Но он не торопится. Он смотрит почему-то на дверь. Поворачивается ко мне, и на лице его понимание.
— Ох, и сучка же ты, — говорит он с укоризной.
Я криво улыбаюсь.
Глава 7
Сегодня последний день моей жизни. Это мне совершенно определенно дает понять Ланкович. Шеф так и не приехал, но его указания на мой счет однозначны: ликвидация, хотя обоснование он выдвинул довольно-таки неординарное.
"Ведьмам нет места в новом обществе" — сказал он по телефону.
Ланкович передает это мне.
— Какая же я ведьма? — удивляюсь, — я совсем наоборот. Я ведьм этих самых ловлю и в клинику сдаю.

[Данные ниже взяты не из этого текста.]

text \<open>(P_{p-1})^3, with the convention P_{-1} = {0}.\<close>
definition polyvec_m1 :: "nat \<Rightarrow> (real \<Rightarrow> vec3) \<Rightarrow> bool" where
  "polyvec_m1 p f \<longleftrightarrow> (if p = 0 then (\<forall>x. f x = 0) else polyvec (p - 1) f)"

definition dx :: "(real \<Rightarrow> vec3) \<Rightarrow> real \<Rightarrow> vec3" where
  "dx f = (\<lambda>x. vector_derivative f (at x))"

text \<open>Edge boundary pairing <.,.>_e: q node x nu, summed over the two endpoints.\<close>
definition bdry :: "('e \<Rightarrow> 'v) \<Rightarrow> ('e \<Rightarrow> 'v) \<Rightarrow> real \<Rightarrow> ('v \<Rightarrow> real \<Rightarrow> real \<Rightarrow> real) \<Rightarrow> 'e \<Rightarrow> real" where
  "bdry src trg h q e = q (src e) 0 (-1) + q (trg e) h 1"

text \<open>Jump [[q_e]]_n = sum over edges adjacent to node n of q_e(n); q e x nu.\<close>
definition jump :: "'e set \<Rightarrow> ('e \<Rightarrow> 'v) \<Rightarrow> ('e \<Rightarrow> 'v) \<Rightarrow> ('e \<Rightarrow> real)
    \<Rightarrow> ('e \<Rightarrow> real \<Rightarrow> real \<Rightarrow> vec3) \<Rightarrow> 'v \<Rightarrow> vec3" where
  "jump E src trg h q n = (\<Sum>e\<in>{e\<in>E. src e = n}. q e 0 (-1)) + (\<Sum>e\<in>{e\<in>E. trg e = n}. q e (h e) 1)"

— Но согласись! — возражает зачем-то Ланкович, — ты ненормальная.
— Уж кто бы говорил! — возмущаюсь я, — Да, я ненормальная. Но я просто ненормально остро чувствующий человек!
— Остро чувствующий и жестко транслирующий.
— Ну да!
Я раздражаюсь, а потом вдруг становится грустно. Ведь приговорили, сволочи! Я им, понимаете ли, Мастера сделала, а они меня в расход.
— И что Вы со мной делать собираетесь?
— Шеф сказал, что это будет для тебя приятным сюрпризом. Он намерен выполнить одно твое обещание.
Оч-чень интересно. Не помню, что это он такое мне наобещал со смертельным исходом.
— Только меня там не будет, — продолжает Дмитрий, — Босс сказал, ты против.
Этого еще не хватало!
— Дима, Дима, Дима!!! — верещу я испуганно, — пожалуйста, ради Бога, не бросай меня в такой момент. Я хочу, хочу, чтобы ты был рядом!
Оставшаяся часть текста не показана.